As to the second element, the corrupt and willful intent of such false swearing, the deliberate and repeated denial of the defendant of the alleged grand jury testimony, his alleged interest in the issue then on trial in the case of People v. Marcus, and his alleged participation in the so-called Bolivar transaction, all of which may be considered on the question of motive, afford enough proof to warrant permitting the jury to pass on the question of the willfulness of the defendant’s false swearing, if the jury should find that he had sworn falsely.

As to the third element, the question of materiality, the claim of the People in regard to this is that, though the alleged false swearing — that is, the denial before the trial jury in the action of People v. Marcus — his denial before that jury of an alleged statement before the grand jury — that though that may not have been material on the main issue of the guilt or Innocence of the defendants in the case of People v. Marcus — the issue there being, as I understand it, the question of whether these people intentionally, [243]*243that is, knowingly, took certain funds for an improper purpose, or used certain funds for an improper purpose — now, their claim is that though this alleged false swearing may not have been material on the main issue of the guilt or innocence of the defendants in the trial, such alleged denial was material on the question of the credit to be given by the jury in the case of People v. Marcus, in regard to the testimony at such trial of this defendant at bar.

Testimony is deemed material if it may be of substantial influence on the jury in their deliberations as to the merits, or if it might influence the jury in believing or disbelieving the witness’ other material testimony, that is, other testimony of the witness which directly bears on the merits of the action, that is, if it could influence the jury to believe or disbelieve the witness. For instance, if the witness made a statement bearing on the main issue at a trial, and denied that he made a prior contradictory statement at another time, when he has really made such positive, contradictory statement, his denial, if made knowingly and with corrupt intent, is perjury. If the testimony, even though false, has not this probative value, then it is not to be the basis of a charge of perjury.
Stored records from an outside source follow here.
lemma (in prob_space) L2_complete:
  assumes L: "\<And>n. L2_rv M (f n)"
    and C: "\<And>m n. m \<le> n \<Longrightarrow> integral\<^sup>L M (\<lambda>x. (f m x - f n x)\<^sup>2) \<le> 4 * (1/4)^m"
  obtains g where "L2_rv M g" "(\<lambda>n. integral\<^sup>L M (\<lambda>x. (f n x - g x)\<^sup>2)) \<longlonglongrightarrow> 0"
proof -
  have [measurable]: "f n \<in> borel_measurable M" for n using L by (simp add: L2_rv_def)
  have incr: "integral\<^sup>L M (\<lambda>x. \<bar>f (Suc k) x - f k x\<bar>) \<le> 2 * (1/2)^k" for k
  proof (rule power2_le_imp_le)
    have "(integral\<^sup>L M (\<lambda>x. \<bar>f (Suc k) x - f k x\<bar>))\<^sup>2 \<le> integral\<^sup>L M (\<lambda>x. (f (Suc k) x - f k x)\<^sup>2)"
      by (rule integral_abs_square_le[OF L2_rv_diff[OF L L]])
    also have "\<dots> \<le> 4 * (1/4)^k"
      using C[of k "Suc k"] by (simp add: power2_commute)
    also have "\<dots> = (2 * (1/2)^k)\<^sup>2"
      by (simp add: power2_eq_square power_mult_distrib[symmetric])
    finally show "(integral\<^sup>L M (\<lambda>x. \<bar>f (Suc k) x - f k x\<bar>))\<^sup>2 \<le> (2 * (1/2)^k)\<^sup>2" .
  qed simp
  have "AE x in M. convergent (\<lambda>n. f n x)"
  proof (rule AE_convergent_of_summable_increments)
    show "integrable M (\<lambda>x. f (Suc k) x - f k x)" for k
      by (rule L2_rv_integrable[OF finite_measure_axioms L2_rv_diff[OF L L]])
    have "summable (\<lambda>k. 2 * (1/2::real)^k)" by (intro summable_mult summable_geometric) simp
    then show "summable (\<lambda>k. integral\<^sup>L M (\<lambda>x. \<bar>f (Suc k) x - f k x\<bar>))"
      by (rule summable_comparison_test') (use incr in simp)
  qed measurable
  then have conv: "AE x in M. (\<lambda>n. f n x) \<longlonglongrightarrow> lim (\<lambda>n. f n x)"
    by (simp add: convergent_LIMSEQ_iff)
  define g where "g x = lim (\<lambda>n. f n x)" for x
  have [measurable]: "g \<in> borel_measurable M" unfolding g_def by measurable
  have fatou: "(\<integral>\<^sup>+ x. ennreal ((f n x - g x)\<^sup>2) \<partial>M) \<le> ennreal (4 * (1/4)^n)" for n
  proof -
    have "(\<integral>\<^sup>+ x. ennreal ((f n x - g x)\<^sup>2) \<partial>M) =
          (\<integral>\<^sup>+ x. liminf (\<lambda>k. ennreal ((f n x - f k x)\<^sup>2)) \<partial>M)"
      using conv
    proof (intro nn_integral_cong_AE, rule AE_mp, intro AE_I2 impI)
      fix x assume "(\<lambda>k. f k x) \<longlonglongrightarrow> lim (\<lambda>k. f k x)"
      then have "(\<lambda>k. ennreal ((f n x - f k x)\<^sup>2)) \<longlonglongrightarrow> ennreal ((f n x - g x)\<^sup>2)"
        unfolding g_def by (intro tendsto_intros) auto
      from lim_imp_Liminf[OF _ this]
      show "ennreal ((f n x - g x)\<^sup>2) = liminf (\<lambda>k. ennreal ((f n x - f k x)\<^sup>2))" by simp
    qed
    also have "\<dots> \<le> liminf (\<lambda>k. \<integral>\<^sup>+ x. ennreal ((f n x - f k x)\<^sup>2) \<partial>M)"
      by (rule nn_integral_liminf) measurable
    also have "\<dots> \<le> liminf (\<lambda>k. ennreal (4 * (1/4)^n))"
    proof (rule Liminf_mono, rule eventually_sequentiallyI[of n])
      fix k assume "n \<le> k"
      have "integrable M (\<lambda>x. (f n x - f k x)\<^sup>2)" using L2_rv_diff[OF L L] by (simp add: L2_rv_def)
      then have "(\<integral>\<^sup>+ x. ennreal ((f n x - f k x)\<^sup>2) \<partial>M) = ennreal (integral\<^sup>L M (\<lambda>x. (f n x - f k x)\<^sup>2))"
        by (rule nn_integral_eq_integral) simp
      also have "\<dots> \<le> ennreal (4 * (1/4)^n)" using C[OF \<open>n \<le> k\<close>] by (rule ennreal_leI)
      finally show "(\<integral>\<^sup>+ x. ennreal ((f n x - f k x)\<^sup>2) \<partial>M) \<le> ennreal (4 * (1/4)^n)" .
    qed
    finally show ?thesis by (simp add: Liminf_const)
  qed
  have int: "integrable M (\<lambda>x. (f n x - g x)\<^sup>2)" for n
  proof -
    have "(\<integral>\<^sup>+ x. ennreal (norm ((f n x - g x)\<^sup>2)) \<partial>M) < \<infinity>"
      using fatou[of n] by (simp add: le_less_trans[OF _ ennreal_less_top])
    then show ?thesis by (simp add: integrable_iff_bounded)
  qed
  have bound: "integral\<^sup>L M (\<lambda>x. (f n x - g x)\<^sup>2) \<le> 4 * (1/4)^n" for n
  proof -
    have "integral\<^sup>L M (\<lambda>x. (f n x - g x)\<^sup>2) = enn2real (\<integral>\<^sup>+ x. ennreal ((f n x - g x)\<^sup>2) \<partial>M)"
      by (rule integral_eq_nn_integral) auto
    also have "\<dots> \<le> 4 * (1/4)^n"
      using enn2real_mono[OF fatou] by simp
    finally show ?thesis .
  qed
  have "L2_rv M (\<lambda>x. f 0 x - g x)" using int[of 0] by (simp add: L2_rv_def)
  from L2_rv_diff[OF L[of 0] this] have "L2_rv M g" by simp
  moreover have "(\<lambda>n. integral\<^sup>L M (\<lambda>x. (f n x - g x)\<^sup>2)) \<longlonglongrightarrow> 0"
  proof (rule tendsto_sandwich[OF _ _ tendsto_const])
    show "(\<lambda>n. 4 * (1/4::real)^n) \<longlonglongrightarrow> 0"
      by (intro tendsto_mult_right_zero LIMSEQ_power_zero) simp
    show "\<forall>\<^sub>F n in sequentially. 0 \<le> integral\<^sup>L M (\<lambda>x. (f n x - g x)\<^sup>2)" by simp
    show "\<forall>\<^sub>F n in sequentially. integral\<^sup>L M (\<lambda>x. (f n x - g x)\<^sup>2) \<le> 4 * (1/4)^n"
      using bound by simp
  qed
  ultimately show ?thesis by (rule that)
qed

section \<open>The Gaussian spaces H(S) and orthogonal projection\<close>

lemma lin_span_field_lincomb:
  assumes "Y1 \<in> lin_span_field u S" "Y2 \<in> lin_span_field u S"
  shows "(\<lambda>\<omega>. a * Y1 \<omega> + b * Y2 \<omega>) \<in> lin_span_field u S"
proof -
  obtain n1 :: nat and c1 z1 where 1: "\<forall>i<n1. z1 i \<in> S" "Y1 = (\<lambda>\<omega>. \<Sum>i<n1. c1 i * u (z1 i) \<omega>)"
    using assms(1) unfolding lin_span_field_def by blast
  obtain n2 :: nat and c2 z2 where 2: "\<forall>i<n2. z2 i \<in> S" "Y2 = (\<lambda>\<omega>. \<Sum>i<n2. c2 i * u (z2 i) \<omega>)"
    using assms(2) unfolding lin_span_field_def by blast
  define c where "c i = (if i < n1 then a * c1 i else b * c2 (i - n1))" for i
  define z where "z i = (if i < n1 then z1 i else z2 (i - n1))" for i
  have "(\<Sum>i<n1+n2. c i * u (z i) \<omega>) = a * Y1 \<omega> + b * Y2 \<omega>" for \<omega>
  proof -
    have "(\<Sum>i<n1+n2. c i * u (z i) \<omega>) = (\<Sum>i<n1. c i * u (z i) \<omega>) + (\<Sum>i<n2. c (n1+i) * u (z (n1+i)) \<omega>)"
      by (induct n2) (simp_all add: add.assoc)
    also have "\<dots> = a * Y1 \<omega> + b * Y2 \<omega>"
      by (simp add: 1 2 sum_distrib_left c_def z_def mult.assoc)
    finally show ?thesis .
  qed
  moreover have "\<forall>i<n1+n2. z i \<in> S" using 1 2 by (auto simp: z_def)
  ultimately show ?thesis
    unfolding lin_span_field_def
    by (intro CollectI exI[of _ "n1+n2"] exI[of _ c] exI[of _ z]) (simp add: fun_eq_iff)
qed

lemma lin_span_field_mono: "S \<subseteq> T \<Longrightarrow> lin_span_field u S \<subseteq> lin_span_field u T"
  unfolding lin_span_field_def by blast

lemma lin_span_field_single: "z \<in> S \<Longrightarrow> u z \<in> lin_span_field u S"
  unfolding lin_span_field_def by (auto intro!: exI[of _ 1] exI[of _ "\<lambda>_. 1"] exI[of _ "\<lambda>_. z"])

lemma lin_span_field_L2:
  assumes U: "\<forall>z\<in>S. L2_rv M (u z)" and Y: "Y \<in> lin_span_field u S"
  shows "L2_rv M Y"
proof -
  obtain n :: nat and c z where z: "\<forall>i<n. z i \<in> S" and Y: "Y = (\<lambda>\<omega>. \<Sum>i<n. c i * u (z i) \<omega>)"
    using Y unfolding lin_span_field_def by blast
  have "L2_rv M (\<lambda>\<omega>. \<Sum>i<m. c i * u (z i) \<omega>)" if "m \<le> n" for m
    using that
  proof (induct m)
    case 0
    then show ?case by (simp add: L2_rv_def)
  next
    case (Suc m)
    then have "L2_rv M (\<lambda>\<omega>. 1 * (\<Sum>i<m. c i * u (z i) \<omega>) + c m * u (z m) \<omega>)"
      using z U by (intro L2_rv_lincomb) auto
    then show ?case by simp
  qed
  then show ?thesis using Y by simp
qed

lemma Hspace_mono: "S \<subseteq> T \<Longrightarrow> Hspace M u S \<subseteq> Hspace M u T"
  unfolding Hspace_def using lin_span_field_mono by blast

lemma Hspace_single: "z \<in> S \<Longrightarrow> L2_rv M (u z) \<Longrightarrow> u z \<in> Hspace M u S"
  unfolding Hspace_def using lin_span_field_single[of z S u] by (auto intro!: exI[of _ "\<lambda>_. u z"])

lemma Hspace_lincomb:
  assumes U: "\<forall>z\<in>S. L2_rv M (u z)" and X: "X \<in> Hspace M u S" and Y: "Y \<in> Hspace M u S"
  shows "(\<lambda>\<omega>. a * X \<omega> + b * Y \<omega>) \<in> Hspace M u S"
proof -
  obtain X' where X': "\<And>n. X' n \<in> lin_span_field u S"
    "(\<lambda>n. integral\<^sup>L M (\<lambda>\<omega>. (X \<omega> - X' n \<omega>)\<^sup>2)) \<longlonglongrightarrow> 0"
    using X by (auto simp: Hspace_def)
  obtain Y' where Y': "\<And>n. Y' n \<in> lin_span_field u S"
    "(\<lambda>n. integral\<^sup>L M (\<lambda>\<omega>. (Y \<omega> - Y' n \<omega>)\<^sup>2)) \<longlonglongrightarrow> 0"
    using Y by (auto simp: Hspace_def)
  have LX: "L2_rv M X" and LY: "L2_rv M Y" using X Y by (auto simp: Hspace_def)
  have LX': "L2_rv M (X' n)" and LY': "L2_rv M (Y' n)" for n
    using X'(1) Y'(1) lin_span_field_L2[OF U] by auto
  let ?err = "\<lambda>n. integral\<^sup>L M (\<lambda>\<omega>. ((a * X \<omega> + b * Y \<omega>) - (a * X' n \<omega> + b * Y' n \<omega>))\<^sup>2)"
  have bound: "?err n \<le> 2 * a\<^sup>2 * integral\<^sup>L M (\<lambda>\<omega>. (X \<omega> - X' n \<omega>)\<^sup>2)
                 + 2 * b\<^sup>2 * integral\<^sup>L M (\<lambda>\<omega>. (Y \<omega> - Y' n \<omega>)\<^sup>2)" for n
    using integral_square_lincomb_le[OF L2_rv_diff[OF LX LX'[of n]] L2_rv_diff[OF LY LY'[of n]], of a b]
    by (simp add: algebra_simps)
  have "?err \<longlonglongrightarrow> 0"
  proof (rule tendsto_sandwich[OF _ _ tendsto_const])
    show "(\<lambda>n. 2 * a\<^sup>2 * integral\<^sup>L M (\<lambda>\<omega>. (X \<omega> - X' n \<omega>)\<^sup>2)
                 + 2 * b\<^sup>2 * integral\<^sup>L M (\<lambda>\<omega>. (Y \<omega> - Y' n \<omega>)\<^sup>2)) \<longlonglongrightarrow> 0"
      using tendsto_add[OF tendsto_mult_right_zero[OF X'(2)] tendsto_mult_right_zero[OF Y'(2)]] by simp
  qed (use bound in auto)
  moreover have "(\<lambda>\<omega>. a * X' n \<omega> + b * Y' n \<omega>) \<in> lin_span_field u S" for n
    using X'(1) Y'(1) by (rule lin_span_field_lincomb)
  ultimately show ?thesis
    unfolding Hspace_def mem_Collect_eq using L2_rv_lincomb[OF LX LY]
    by (intro conjI exI[of _ "\<lambda>n \<omega>. a * X' n \<omega> + b * Y' n \<omega>"]) auto
qed

lemma Hspace_distance_ge:
  assumes U: "\<forall>z\<in>S. L2_rv M (u z)" and D: "L2_rv M D" and y: "y \<in> Hspace M u S"
    and ge: "\<And>y'. y' \<in> lin_span_field u S \<Longrightarrow> c \<le> integral\<^sup>L M (\<lambda>\<omega>. (D \<omega> - y' \<omega>)\<^sup>2)"
  shows "c \<le> integral\<^sup>L M (\<lambda>\<omega>. (D \<omega> - y \<omega>)\<^sup>2)"
proof -
  obtain Y where Y: "\<And>n. Y n \<in> lin_span_field u S"
    and lim: "(\<lambda>n. integral\<^sup>L M (\<lambda>\<omega>. (y \<omega> - Y n \<omega>)\<^sup>2)) \<longlonglongrightarrow> 0"
    using y by (auto simp: Hspace_def)
  have Ly: "L2_rv M y" using y by (simp add: Hspace_def)
  have LY: "L2_rv M (Y n)" for n using lin_span_field_L2[OF U Y] .
  have "(\<lambda>n. integral\<^sup>L M (\<lambda>\<omega>. ((D \<omega> - Y n \<omega>) - (D \<omega> - y \<omega>))\<^sup>2)) \<longlonglongrightarrow> 0"
    using lim by (simp add: power2_commute)
  from integral_square_tendsto[OF L2_rv_diff[OF D Ly] L2_rv_diff[OF D LY] this]
  have "(\<lambda>n. integral\<^sup>L M (\<lambda>\<omega>. (D \<omega> - Y n \<omega>)\<^sup>2)) \<longlonglongrightarrow> integral\<^sup>L M (\<lambda>\<omega>. (D \<omega> - y \<omega>)\<^sup>2)" .
  then show ?thesis by (rule LIMSEQ_le_const) (use ge Y in auto)
qed

lemma integral_square_parallelogram:
  assumes D: "L2_rv M D" and f: "L2_rv M f" and g: "L2_rv M g"
  shows "integral\<^sup>L M (\<lambda>\<omega>. (f \<omega> - g \<omega>)\<^sup>2) =
           2 * integral\<^sup>L M (\<lambda>\<omega>. (D \<omega> - f \<omega>)\<^sup>2) + 2 * integral\<^sup>L M (\<lambda>\<omega>. (D \<omega> - g \<omega>)\<^sup>2)
         - 4 * integral\<^sup>L M (\<lambda>\<omega>. (D \<omega> - (1/2 * f \<omega> + 1/2 * g \<omega>))\<^sup>2)"
proof -
  have "integrable M (\<lambda>\<omega>. (D \<omega> - f \<omega>)\<^sup>2)" "integrable M (\<lambda>\<omega>. (D \<omega> - g \<omega>)\<^sup>2)"
    "integrable M (\<lambda>\<omega>. (D \<omega> - (1/2 * f \<omega> + 1/2 * g \<omega>))\<^sup>2)"
    using L2_rv_diff[OF D f] L2_rv_diff[OF D g] L2_rv_diff[OF D L2_rv_lincomb[OF f g, of "1/2" "1/2"]]
    by (simp_all add: L2_rv_def)
  moreover have "(\<lambda>\<omega>. (f \<omega> - g \<omega>)\<^sup>2) = (\<lambda>\<omega>. 2 * (D \<omega> - f \<omega>)\<^sup>2 + 2 * (D \<omega> - g \<omega>)\<^sup>2
                   - 4 * (D \<omega> - (1/2 * f \<omega> + 1/2 * g \<omega>))\<^sup>2)"
    by (simp add: fun_eq_iff power2_eq_square algebra_simps)
  ultimately show ?thesis by simp
qed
In the case at bar the question of materiality depends on whether the defendant, at the trial of People v. Marcus, made a denial of a previous positive, contradictory statement. He is quoted by the People as saying before the grand jury: “ But the very fact that it was passed through that way indicates that there was something suspiciously wrong about it. I would have nothing to do with that sort of a transaction. It is unfortunate that the man who was in my employ was the man who had charge of it.”

Now, that is the matterdhat he is alleged to have denied before the trial jury, and the question arises: Was that a statement of fact, or a characterization, a viewpoint or opinion expressed by the witness Kresel before the grand jury?

It divides itself into three parts. His statement: But the very fact that it was passed through that way indicates that there was something suspiciously wrong about it,” is one part; that is clearly an opinion. I would have nothing to do with that sort of a transaction,” may be a denial of participation as a fact. It is unfortunate that the man who was in my employ was the man who had charge of it ” is clearly a viewpoint or opinion.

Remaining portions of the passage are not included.